Pada tahun 1997-1998 merupakan peristiwa kelam di Indonesia, selain krisis moneter yang melanda pada tahun tersebut juga merupakan peristiwa tragedi kemanusiaan, dimana pada hari tersebut para demonstran aktivis mahasiswa yang menuntut turunya rezim Soeharto mendapat tindakan brutal dan represif. Beberapa aktivis mahasiswa ditembak, diculik, dan dipukuli oleh pihak keamanan. Dalam peristiwa tersebut 13 oang dinyatakan hilang diantaranya Yani Arfi hilang di Jakarta 26 April 1997, Sony hilang di Jakarta 26 April 1997, Deddy Hamdun hilang di Jakarta 29 Mei 1997, Noval Alkatiri hilang di Jakarta 29 Mei 1997, Ismail ( Sopir Deddy Hamdun hilang di Jakarta 29 Mei 1997, Wiji Tukul Hilang di Jakarta 10 Januari 1998, Suyat hilang di Solo 12 Februari 1998, Herman Hendrawan hilang di Jakarta 12 Maret 1998, Petrus Bima Anugrah hilang di Jakarta 30 Maret 1998, Ucok Munandar hilang di Jakarta 14 Mei 1998, Yadin Muhidin hilang di Jakrta 14 Mei 1998, Hendra Hambali hilang di Jakarta 15 Mei 1998, Abu Nasser hilang di Jakarta 14 Mei 1998. Tak hanya disitu peristiwa tersebut juga menewaskan 4 orang aktivis mahasiswa Trisakti diantara nya Elang Mulia Lesmana, Heri Hertanto, Haffidin Royan, dan Hendriawan Sie.

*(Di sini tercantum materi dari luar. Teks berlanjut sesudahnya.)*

lemma inverse_mult_cancel_left: "(a::'d::division_ring) \<noteq> 0 \<Longrightarrow> inverse a * (a * y) = y"
  by (simp add: mult.assoc[symmetric])

lemma ring_aut_add: "ring_aut \<sigma> \<Longrightarrow> \<sigma> (x + y) = \<sigma> x + \<sigma> y"
  unfolding ring_aut_def by blast

lemma ring_aut_mult: "ring_aut \<sigma> \<Longrightarrow> \<sigma> (x * y) = \<sigma> x * \<sigma> y"
  unfolding ring_aut_def by blast

lemma ring_aut_bij: "ring_aut \<sigma> \<Longrightarrow> bij \<sigma>"
  unfolding ring_aut_def by blast

lemma ring_aut_inv_apply: "ring_aut \<sigma> \<Longrightarrow> inv \<sigma> (\<sigma> x) = x"
  by (metis ring_aut_bij bij_is_inj inv_f_f)

lemma ring_aut_apply_inv: "ring_aut \<sigma> \<Longrightarrow> \<sigma> (inv \<sigma> x) = x"
  by (metis ring_aut_bij bij_is_surj surj_f_inv_f)

lemma ring_aut_zero: "ring_aut \<sigma> \<Longrightarrow> \<sigma> 0 = 0"
  using ring_aut_add[of \<sigma> 0 0] by simp

lemma ring_aut_eq_zero_iff: "ring_aut \<sigma> \<Longrightarrow> \<sigma> x = 0 \<longleftrightarrow> x = 0"
  by (metis ring_aut_bij bij_is_inj inj_eq ring_aut_zero)

lemma ring_aut_one:
  assumes "ring_aut \<sigma>" shows "\<sigma> 1 = (1::'d::division_ring)"
  using ring_aut_mult[OF assms, of 1 "inv \<sigma> 1"] ring_aut_apply_inv[OF assms] by simp

lemma ring_aut_inverse:
  assumes \<sigma>: "ring_aut \<sigma>" shows "\<sigma> (inverse x) = inverse (\<sigma> (x::'d::division_ring))"
proof (cases "x = 0")
  case True then show ?thesis using ring_aut_zero[OF \<sigma>] by simp
next
  case False
  have "\<sigma> x * \<sigma> (inverse x) = 1"
    using ring_aut_mult[OF \<sigma>, of x "inverse x"] ring_aut_one[OF \<sigma>] False by simp
  then show ?thesis by (rule inverse_unique[symmetric])
qed

lemma ring_aut_sum:
  assumes \<sigma>: "ring_aut \<sigma>" shows "\<sigma> (sum f A) = (\<Sum>x\<in>A. \<sigma> (f x))"
proof (cases "finite A")
  case True then show ?thesis
    by (induction A rule: finite_induct) (simp_all add: ring_aut_zero[OF \<sigma>] ring_aut_add[OF \<sigma>])
qed (simp add: ring_aut_zero[OF \<sigma>])

lemma ring_aut_id: "ring_aut id"
  unfolding ring_aut_def by simp

lemma ring_aut_rho_comp:
  assumes \<sigma>: "ring_aut \<sigma>" and d: "(d::'d::division_ring) \<noteq> 0"
  shows "ring_aut (rho d \<circ> \<sigma>)"
proof -
  have "bij (rho d \<circ> \<sigma>)"
  proof (rule bij_betw_byWitness[where f'="\<lambda>y. inv \<sigma> (inverse d * y * d)"])
    show "\<forall>x\<in>UNIV. inv \<sigma> (inverse d * (rho d \<circ> \<sigma>) x * d) = x"
      using d ring_aut_inv_apply[OF \<sigma>] by (simp add: rho_def mult.assoc inverse_mult_cancel_left)
    show "\<forall>y\<in>UNIV. (rho d \<circ> \<sigma>) (inv \<sigma> (inverse d * y * d)) = y"
      using d ring_aut_apply_inv[OF \<sigma>] by (simp add: rho_def mult.assoc mult_inverse_cancel_left)
  qed auto
  moreover have "(rho d \<circ> \<sigma>) (x * y) = (rho d \<circ> \<sigma>) x * (rho d \<circ> \<sigma>) y" for x y
    using d by (simp add: rho_def ring_aut_mult[OF \<sigma>] mult.assoc inverse_mult_cancel_left)
  ultimately show ?thesis
    unfolding ring_aut_def by (simp add: rho_def ring_aut_add[OF \<sigma>] algebra_simps)
qed

lemma cocycle2_ring_aut: "cocycle2 S m \<theta> \<alpha> \<xi> \<Longrightarrow> s \<in> S \<Longrightarrow> s \<noteq> \<theta> \<Longrightarrow> ring_aut (\<alpha> s)"
  unfolding cocycle2_def by blast

lemma cocycle2_nonzero: "cocycle2 S m \<theta> \<alpha> \<xi> \<Longrightarrow> s \<in> S \<Longrightarrow> t \<in> S \<Longrightarrow> m s t \<noteq> \<theta> \<Longrightarrow> \<xi> s t \<noteq> 0"
  unfolding cocycle2_def by blast

lemma cocycle2_identity:
  "cocycle2 S m \<theta> \<alpha> \<xi> \<Longrightarrow> s \<in> S \<Longrightarrow> t \<in> S \<Longrightarrow> u \<in> S \<Longrightarrow> m (m s t) u \<noteq> \<theta> \<Longrightarrow>
    \<alpha> s (\<xi> t u) * \<xi> s (m t u) = \<xi> s t * \<xi> (m s t) u"
  unfolding cocycle2_def by blast

lemma cocycle2_comp: "cocycle2 S m \<theta> \<alpha> \<xi> \<Longrightarrow> s \<in> S \<Longrightarrow> t \<in> S \<Longrightarrow> m s t \<noteq> \<theta> \<Longrightarrow>
    \<alpha> s \<circ> \<alpha> t = rho (\<xi> s t) \<circ> \<alpha> (m s t)"
  unfolding cocycle2_def by blast

lemma cocycle2_comp_apply:
  assumes "cocycle2 S m \<theta> \<alpha> \<xi>" "s \<in> S" "t \<in> S" "m s t \<noteq> \<theta>"
  shows "\<alpha> s (\<alpha> t x) = \<xi> s t * \<alpha> (m s t) x * inverse (\<xi> s t)"
  using fun_cong[OF cocycle2_comp[OF assms], of x] by (simp add: rho_def)

lemma cocycle2_idempotent_aut:
  assumes "cocycle2 S m \<theta> \<alpha> \<xi>" "e \<in> S" "e \<noteq> \<theta>" "m e e = e"
  shows "\<alpha> e x = \<xi> e e * x * inverse (\<xi> e e)"
  using cocycle2_comp_apply[OF assms(1,2,2), of "inv (\<alpha> e) x"] assms(3,4)
    ring_aut_apply_inv[OF cocycle2_ring_aut[OF assms(1-3)]] by simp

locale semigroup_zero =
  fixes S :: "'s set" and m :: "'s \<Rightarrow> 's \<Rightarrow> 's" and \<theta> :: 's
  assumes closed: "s \<in> S \<Longrightarrow> t \<in> S \<Longrightarrow> m s t \<in> S"
    and assoc: "s \<in> S \<Longrightarrow> t \<in> S \<Longrightarrow> u \<in> S \<Longrightarrow> m (m s t) u = m s (m t u)"
    and zero_mem: "\<theta> \<in> S"
    and zero_left: "s \<in> S \<Longrightarrow> m \<theta> s = \<theta>"
    and zero_right: "s \<in> S \<Longrightarrow> m s \<theta> = \<theta>"
begin

lemma nonzero_prod_factors:
  assumes "s \<in> S" "t \<in> S" "m s t \<noteq> \<theta>" shows "s \<noteq> \<theta>" "t \<noteq> \<theta>"
  using assms zero_left zero_right by auto

lemma semigroup_aut_zero:
  assumes "semigroup_aut S m \<phi>" shows "\<phi> \<theta> = \<theta>"
proof -
  have b: "bij_betw \<phi> S S" and hom: "\<And>s t. s \<in> S \<Longrightarrow> t \<in> S \<Longrightarrow> \<phi> (m s t) = m (\<phi> s) (\<phi> t)"
    using assms unfolding semigroup_aut_def by auto
  obtain s where s: "s \<in> S" "\<phi> s = \<theta>" using b zero_mem by (metis bij_betw_iff_bijections)
  have "\<phi> \<theta> = \<phi> (m \<theta> s)" using zero_left[OF s(1)] by simp
  also have "\<dots> = m (\<phi> \<theta>) \<theta>" using hom[OF zero_mem s(1)] s(2) by simp
  also have "\<dots> = \<theta>" using zero_right b zero_mem bij_betwE by metis
  finally show ?thesis .
qed

lemma semigroup_aut_bij_nonzero:
  assumes "semigroup_aut S m \<phi>" shows "bij_betw \<phi> (S - {\<theta>}) (S - {\<theta>})"
  using assms bij_betw_DiffI[of \<phi> S S "{\<theta>}" "{\<theta>}"] semigroup_aut_zero[OF assms] zero_mem
  unfolding semigroup_aut_def by simp

end

locale sf_semigroup =
  fixes S :: "'s set" and m :: "'s \<Rightarrow> 's \<Rightarrow> 's" and \<theta> :: 's and E :: "'s set"
  assumes square_free: "square_free_semigroup S m \<theta> E"
begin

lemma square_free_parts:
  shows "\<forall>s\<in>S. \<forall>t\<in>S. m s t \<in> S"
    and "\<forall>s\<in>S. \<forall>t\<in>S. \<forall>u\<in>S. m (m s t) u = m s (m t u)"
    and "\<theta> \<in> S" and "\<forall>s\<in>S. m \<theta> s = \<theta> \<and> m s \<theta> = \<theta>"
    and "E \<subseteq> S" and "\<forall>e\<in>E. e \<noteq> \<theta> \<and> m e e = e"
    and "\<forall>e\<in>E. \<forall>f\<in>E. e \<noteq> f \<longrightarrow> m e f = \<theta>"
    and "S = (\<Union>e\<in>E. \<Union>f\<in>E. {m (m e x) f | x. x \<in> S})"
  using square_free unfolding square_free_semigroup_def by auto

end

sublocale sf_semigroup \<subseteq> semigroup_zero
  using square_free_parts(1-4) by unfold_locales blast+

context sf_semigroup
begin

lemma idempotent_mem: "e \<in> E \<Longrightarrow> e \<in> S"
  using square_free_parts(5) by blast

lemma idempotent_nonzero: "e \<in> E \<Longrightarrow> e \<noteq> \<theta>"
  using square_free_parts(6) by blast

lemma idempotent: "e \<in> E \<Longrightarrow> m e e = e"
  using square_free_parts(6) by blast

lemma idempotents_orthogonal: "e \<in> E \<Longrightarrow> f \<in> E \<Longrightarrow> e \<noteq> f \<Longrightarrow> m e f = \<theta>"
  using square_free_parts(7) by blast

lemma local_units_exist:
  assumes "s \<in> S" obtains e f where "e \<in> E" "f \<in> E" "m e s = s" "m s f = s"
proof -
  obtain e f x where ef: "e \<in> E" "f \<in> E" and x: "x \<in> S" and s: "s = m (m e x) f"
    using assms square_free_parts(8) by blast
  have eS: "e \<in> S" and fS: "f \<in> S" using ef idempotent_mem by auto
  have "m e s = m (m (m e e) x) f"
    unfolding s using assoc[OF eS closed[OF eS x] fS] assoc[OF eS eS x] by simp
  moreover have "m s f = m (m e x) (m f f)"
    unfolding s using assoc[OF closed[OF eS x] fS fS] .
  ultimately show thesis using that ef s idempotent by simp
qed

Dalam 2 periode pemerintahan Jokowi masih saja terjadi tindakan pelanggaran Hak Asasi Manusia, bahkan dalam pembuatan regulasi pun terdapat poin pelanggaran dimana ruang hidup masyarakat apalagi masyarakat kecil dan pekerja dirampas dalam regulasi UU No 5. 2020 Omnibuslaw. Terlebih lagi penggusuran dan tindakan yang dilakukan oleh para aparat mencerminkan rendahnya moralitas kemanusiaan dalam badan aparatur negara. Tindakan refresif aparat terhadap para masa aksi juga kerap sekali dilakukan seperti saat demonstrasi RKUP, dan UU KPK masa mendapat tindakan kekerasan bahkan kebrutalan. Perampasan ruang hidup yang juga terjadi di wilayah regional Cirebon, dimana ruang terbuka hijau yang berada dilingkungan Bima, Kota Cirebon yang diperuntukan untuk ruang terbuka hijau malah di bangun dengan alasan pendidikan. Ini merupkan pelanggaran hak asasi manusia karena negara telah melakukan pembiaran.

Bahwa pelanggaran HAM yang terjadi akhir-akhir ini merupaan pertanda kepentingan golongan serta keserakahan derajatnya lebih tinggi dari kemanusiaan. Padahal konstitusi telah menjamin Hak Asasi Manusia dalam Pasa 28A-28J Undang-Undang Dasar 1945.